What to work on: Without adding or dropping anything, copy the entries below.

-- Exercise input follows --

(* Let $k$ be a kernel on $\mathcal{X}$, $\sigma>0$, $f\in\mathcal{H}_k$, $g\in\mathcal{H}_{\sigma^2\delta}$, $h=f+g\in\mathcal{H}_{k^\sigma}$. Let $x_1,\dots,x_t\in\mathcal{X}$ be pairwise distinct with observations $y_i=h(x_i)$. Then for every $x\in\mathcal{X}\setminus\{x_1,\dots,x_t\}$, $$|\widehat m_t(x)-f(x)|\le\|h\|_{\mathcal{H}_{k^\sigma}}\widehat\sigma_t(x)+\big(\|h\|_{\mathcal{H}_{k^\sigma}}+\|g\|_{\mathcal{H}_{\sigma^2\delta}}\big)\sigma.$$
   Context: $\delta(x,y)=1$ if $x=y$, else $0$; $k^\sigma=k+\sigma^2\delta$; $\mathcal{H}_{\sigma^2\delta}$ is the RKHS of $\sigma^2\delta$. $\mathbf{k}_t(x)=[k(x,x_i)]_{i\le t}$, $\mathbf{K}_t=[k(x_i,x_j)]_{i,j\le t}$, $\mathbf{y}_t=[y_i]_{i\le t}$, $\widehat m_t(x)=\mathbf{k}_t(x)^T(\mathbf{K}_t+\sigma^2I)^{-1}\mathbf{y}_t$, $\widehat\sigma_t^2(x)=k(x,x)-\mathbf{k}_t(x)^T(\mathbf{K}_t+\sigma^2I)^{-1}\mathbf{k}_t(x)$. *)

theory Defs
  imports "HOL-Analysis.Analysis"
begin

definition delta :: "'a \<Rightarrow> 'a \<Rightarrow> real" where
  "delta x y = (if x = y then 1 else 0)"

definition is_kernel :: "('a \<Rightarrow> 'a \<Rightarrow> real) \<Rightarrow> bool" where
  "is_kernel k \<longleftrightarrow> (\<forall>x y. k x y = k y x) \<and>
     (\<forall>(xs :: 'a list) (cs :: real list). length cs = length xs \<longrightarrow>
        (\<Sum>i<length xs. \<Sum>j<length xs. cs!i * cs!j * k (xs!i) (xs!j)) \<ge> 0)"

definition is_RKHS :: "('a \<Rightarrow> 'a \<Rightarrow> real) \<Rightarrow> ('a \<Rightarrow> real) set
      \<Rightarrow> (('a \<Rightarrow> real) \<Rightarrow> ('a \<Rightarrow> real) \<Rightarrow> real) \<Rightarrow> bool" where
  "is_RKHS k H ip \<longleftrightarrow>
     (\<lambda>_. 0) \<in> H \<and>
     (\<forall>f\<in>H. \<forall>g\<in>H. (\<lambda>z. f z + g z) \<in> H) \<and>
     (\<forall>f\<in>H. \<forall>c::real. (\<lambda>z. c * f z) \<in> H) \<and>
     (\<forall>f\<in>H. \<forall>g\<in>H. ip f g = ip g f) \<and>
     (\<forall>f\<in>H. \<forall>g\<in>H. \<forall>u\<in>H. ip (\<lambda>z. f z + g z) u = ip f u + ip g u) \<and>
     (\<forall>f\<in>H. \<forall>g\<in>H. \<forall>c::real. ip (\<lambda>z. c * f z) g = c * ip f g) \<and>
     (\<forall>f\<in>H. ip f f \<ge> 0) \<and>
     (\<forall>f\<in>H. ip f f = 0 \<longrightarrow> f = (\<lambda>_. 0)) \<and>
     (\<forall>F :: nat \<Rightarrow> ('a \<Rightarrow> real). (\<forall>n. F n \<in> H) \<longrightarrow>
        (\<forall>e>0. \<exists>N. \<forall>m\<ge>N. \<forall>n\<ge>N. ip (\<lambda>z. F m z - F n z) (\<lambda>z. F m z - F n z) < e) \<longrightarrow>
        (\<exists>L\<in>H. (\<lambda>n. ip (\<lambda>z. F n z - L z) (\<lambda>z. F n z - L z)) \<longlonglongrightarrow> 0)) \<and>
     (\<forall>x. (\<lambda>y. k y x) \<in> H) \<and>
     (\<forall>f\<in>H. \<forall>x. ip f (\<lambda>y. k y x) = f x)"

definition rkhs_norm :: "(('a \<Rightarrow> real) \<Rightarrow> ('a \<Rightarrow> real) \<Rightarrow> real) \<Rightarrow> ('a \<Rightarrow> real) \<Rightarrow> real" where
  "rkhs_norm ip f = sqrt (ip f f)"

definition kvec :: "('a \<Rightarrow> 'a \<Rightarrow> real) \<Rightarrow> ('n::finite \<Rightarrow> 'a) \<Rightarrow> 'a \<Rightarrow> real^'n" where
  "kvec k xs x = (\<chi> i. k x (xs i))"

definition Kmat :: "('a \<Rightarrow> 'a \<Rightarrow> real) \<Rightarrow> ('n::finite \<Rightarrow> 'a) \<Rightarrow> real^'n^'n" where
  "Kmat k xs = (\<chi> i j. k (xs i) (xs j))"

definition post_mean :: "('a \<Rightarrow> 'a \<Rightarrow> real) \<Rightarrow> real \<Rightarrow> ('n::finite \<Rightarrow> 'a) \<Rightarrow> real^'n \<Rightarrow> 'a \<Rightarrow> real" where
  "post_mean k \<sigma> xs y x =
     kvec k xs x \<bullet> (matrix_inv (Kmat k xs + \<sigma>\<^sup>2 *\<^sub>R mat 1) *v y)"

definition post_var :: "('a \<Rightarrow> 'a \<Rightarrow> real) \<Rightarrow> real \<Rightarrow> ('n::finite \<Rightarrow> 'a) \<Rightarrow> 'a \<Rightarrow> real" where
  "post_var k \<sigma> xs x =
     k x x - kvec k xs x \<bullet> (matrix_inv (Kmat k xs + \<sigma>\<^sup>2 *\<^sub>R mat 1) *v kvec k xs x)"

end

theory Submission
  imports Defs
begin

text \<open>Let \<open>w = (K + \<sigma>\<^sup>2 I)\<^sup>-\<^sup>1 k\<^sub>t(x)\<close> be the posterior weights, so that the posterior mean is
  \<open>w \<bullet> y\<close>. In the RKHS of \<open>k + \<sigma>\<^sup>2\<delta>\<close> the residual \<open>e = k\<^sup>\<sigma>(-,x) - \<Sum>\<^sub>i w\<^sub>i k\<^sup>\<sigma>(-,x\<^sub>i)\<close> represents
  the error: \<open>\<langle>h, e\<rangle> = h(x) - w \<bullet> y\<close>. The normal equations \<open>(K + \<sigma>\<^sup>2 I) w = k\<^sub>t(x)\<close> make \<open>e\<close>
  vanish at every \<open>x\<^sub>i\<close>, because \<open>\<delta>\<close> separates the distinct \<open>x\<^sub>i\<close> from each other and from
  \<open>x\<close>; hence \<open>\<parallel>e\<parallel>\<^sup>2 = e(x) = \<sigma>\<^sub>t(x)\<^sup>2 + \<sigma>\<^sup>2\<close>, and Cauchy--Schwarz bounds \<open>|h(x) - w \<bullet> y|\<close> by
  \<open>\<parallel>h\<parallel> (\<sigma>\<^sub>t(x) + \<sigma>)\<close>. The remaining error \<open>g(x) = \<langle>g, \<sigma>\<^sup>2\<delta>(-,x)\<rangle>\<close> is at most \<open>\<parallel>g\<parallel> \<sigma>\<close>.\<close>

lemma quadratic_form_nonneg_discriminant:
  fixes A B C :: real
  assumes nonneg: "\<And>a b. 0 \<le> a * a * A + 2 * a * b * C + b * b * B"
  shows "C * C \<le> A * B"
proof (cases "B = 0")
  case True
  have "C = 0"
  proof (rule ccontr)
    assume "C \<noteq> 0"
    with nonneg[of 1 "- (A + 1) / (2 * C)"] True show False by (simp add: field_simps)
  qed
  with True show ?thesis by simp
next
  case False
  have "0 \<le> B" using nonneg[of 0 1] by simp
  moreover have "0 \<le> B * (A * B - C * C)"
    using nonneg[of B "- C"] by (simp add: algebra_simps)
  ultimately show ?thesis using False by (simp add: zero_le_mult_iff)
qed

-- Exercise input concluded --

Solved problem:
(* Let $k$ be a kernel on $\mathcal{X}$, $\sigma>0$, $f\in\mathcal{H}_k$, $g\in\mathcal{H}_{\sigma^2\delta}$, $h=f+g\in\mathcal{H}_{k^\sigma}$. Let $x_1,\dots,x_t\in\mathcal{X}$ be pairwise distinct with observations $y_i=h(x_i)$. Then for every $x\in\mathcal{X}\setminus\{x_1,\dots,x_t\}$, $$|\widehat m_t(x)-f(x)|\le\|h\|_{\mathcal{H}_{k^\sigma}}\widehat\sigma_t(x)+\big(\|h\|_{\mathcal{H}_{k^\sigma}}+\|g\|_{\mathcal{H}_{\sigma^2\delta}}\big)\sigma.$$
   Context: $\delta(x,y)=1$ if $x=y$, else $0$; $k^\sigma=k+\sigma^2\delta$; $\mathcal{H}_{\sigma^2\delta}$ is the RKHS of $\sigma^2\delta$. $\mathbf{k}_t(x)=[k(x,x_i)]_{i\le t}$, $\mathbf{K}_t=[k(x_i,x_j)]_{i,j\le t}$, $\mathbf{y}_t=[y_i]_{i\le t}$, $\widehat m_t(x)=\mathbf{k}_t(x)^T(\mathbf{K}_t+\sigma^2I)^{-1}\mathbf{y}_t$, $\widehat\sigma_t^2(x)=k(x,x)-\mathbf{k}_t(x)^T(\mathbf{K}_t+\sigma^2I)^{-1}\mathbf{k}_t(x)$. *)

theory Defs
  imports "HOL-Analysis.Analysis"
begin

definition delta :: "'a \<Rightarrow> 'a \<Rightarrow> real" where
  "delta x y = (if x = y then 1 else 0)"

definition is_kernel :: "('a \<Rightarrow> 'a \<Rightarrow> real) \<Rightarrow> bool" where
  "is_kernel k \<longleftrightarrow> (\<forall>x y. k x y = k y x) \<and>
     (\<forall>(xs :: 'a list) (cs :: real list). length cs = length xs \<longrightarrow>
        (\<Sum>i<length xs. \<Sum>j<length xs. cs!i * cs!j * k (xs!i) (xs!j)) \<ge> 0)"

definition is_RKHS :: "('a \<Rightarrow> 'a \<Rightarrow> real) \<Rightarrow> ('a \<Rightarrow> real) set
      \<Rightarrow> (('a \<Rightarrow> real) \<Rightarrow> ('a \<Rightarrow> real) \<Rightarrow> real) \<Rightarrow> bool" where
  "is_RKHS k H ip \<longleftrightarrow>
     (\<lambda>_. 0) \<in> H \<and>
     (\<forall>f\<in>H. \<forall>g\<in>H. (\<lambda>z. f z + g z) \<in> H) \<and>
     (\<forall>f\<in>H. \<forall>c::real. (\<lambda>z. c * f z) \<in> H) \<and>
     (\<forall>f\<in>H. \<forall>g\<in>H. ip f g = ip g f) \<and>
     (\<forall>f\<in>H. \<forall>g\<in>H. \<forall>u\<in>H. ip (\<lambda>z. f z + g z) u = ip f u + ip g u) \<and>
     (\<forall>f\<in>H. \<forall>g\<in>H. \<forall>c::real. ip (\<lambda>z. c * f z) g = c * ip f g) \<and>
     (\<forall>f\<in>H. ip f f \<ge> 0) \<and>
     (\<forall>f\<in>H. ip f f = 0 \<longrightarrow> f = (\<lambda>_. 0)) \<and>
     (\<forall>F :: nat \<Rightarrow> ('a \<Rightarrow> real). (\<forall>n. F n \<in> H) \<longrightarrow>
        (\<forall>e>0. \<exists>N. \<forall>m\<ge>N. \<forall>n\<ge>N. ip (\<lambda>z. F m z - F n z) (\<lambda>z. F m z - F n z) < e) \<longrightarrow>
        (\<exists>L\<in>H. (\<lambda>n. ip (\<lambda>z. F n z - L z) (\<lambda>z. F n z - L z)) \<longlonglongrightarrow> 0)) \<and>
     (\<forall>x. (\<lambda>y. k y x) \<in> H) \<and>
     (\<forall>f\<in>H. \<forall>x. ip f (\<lambda>y. k y x) = f x)"

definition rkhs_norm :: "(('a \<Rightarrow> real) \<Rightarrow> ('a \<Rightarrow> real) \<Rightarrow> real) \<Rightarrow> ('a \<Rightarrow> real) \<Rightarrow> real" where
  "rkhs_norm ip f = sqrt (ip f f)"

definition kvec :: "('a \<Rightarrow> 'a \<Rightarrow> real) \<Rightarrow> ('n::finite \<Rightarrow> 'a) \<Rightarrow> 'a \<Rightarrow> real^'n" where
  "kvec k xs x = (\<chi> i. k x (xs i))"

definition Kmat :: "('a \<Rightarrow> 'a \<Rightarrow> real) \<Rightarrow> ('n::finite \<Rightarrow> 'a) \<Rightarrow> real^'n^'n" where
  "Kmat k xs = (\<chi> i j. k (xs i) (xs j))"

definition post_mean :: "('a \<Rightarrow> 'a \<Rightarrow> real) \<Rightarrow> real \<Rightarrow> ('n::finite \<Rightarrow> 'a) \<Rightarrow> real^'n \<Rightarrow> 'a \<Rightarrow> real" where
  "post_mean k \<sigma> xs y x =
     kvec k xs x \<bullet> (matrix_inv (Kmat k xs + \<sigma>\<^sup>2 *\<^sub>R mat 1) *v y)"

definition post_var :: "('a \<Rightarrow> 'a \<Rightarrow> real) \<Rightarrow> real \<Rightarrow> ('n::finite \<Rightarrow> 'a) \<Rightarrow> 'a \<Rightarrow> real" where
  "post_var k \<sigma> xs x =
     k x x - kvec k xs x \<bullet> (matrix_inv (Kmat k xs + \<sigma>\<^sup>2 *\<^sub>R mat 1) *v kvec k xs x)"

end

theory Submission
  imports Defs
begin

text \<open>Let \<open>w = (K + \<sigma>\<^sup>2 I)\<^sup>-\<^sup>1 k\<^sub>t(x)\<close> be the posterior weights, so that the posterior mean is
  \<open>w \<bullet> y\<close>. In the RKHS of \<open>k + \<sigma>\<^sup>2\<delta>\<close> the residual \<open>e = k\<^sup>\<sigma>(-,x) - \<Sum>\<^sub>i w\<^sub>i k\<^sup>\<sigma>(-,x\<^sub>i)\<close> represents
  the error: \<open>\<langle>h, e\<rangle> = h(x) - w \<bullet> y\<close>. The normal equations \<open>(K + \<sigma>\<^sup>2 I) w = k\<^sub>t(x)\<close> make \<open>e\<close>
  vanish at every \<open>x\<^sub>i\<close>, because \<open>\<delta>\<close> separates the distinct \<open>x\<^sub>i\<close> from each other and from
  \<open>x\<close>; hence \<open>\<parallel>e\<parallel>\<^sup>2 = e(x) = \<sigma>\<^sub>t(x)\<^sup>2 + \<sigma>\<^sup>2\<close>, and Cauchy--Schwarz bounds \<open>|h(x) - w \<bullet> y|\<close> by
  \<open>\<parallel>h\<parallel> (\<sigma>\<^sub>t(x) + \<sigma>)\<close>. The remaining error \<open>g(x) = \<langle>g, \<sigma>\<^sup>2\<delta>(-,x)\<rangle>\<close> is at most \<open>\<parallel>g\<parallel> \<sigma>\<close>.\<close>

lemma quadratic_form_nonneg_discriminant:
  fixes A B C :: real
  assumes nonneg: "\<And>a b. 0 \<le> a * a * A + 2 * a * b * C + b * b * B"
  shows "C * C \<le> A * B"
proof (cases "B = 0")
  case True
  have "C = 0"
  proof (rule ccontr)
    assume "C \<noteq> 0"
    with nonneg[of 1 "- (A + 1) / (2 * C)"] True show False by (simp add: field_simps)
  qed
  with True show ?thesis by simp
next
  case False
  have "0 \<le> B" using nonneg[of 0 1] by simp
  moreover have "0 \<le> B * (A * B - C * C)"
    using nonneg[of B "- C"] by (simp add: algebra_simps)
  ultimately show ?thesis using False by (simp add: zero_le_mult_iff)
qed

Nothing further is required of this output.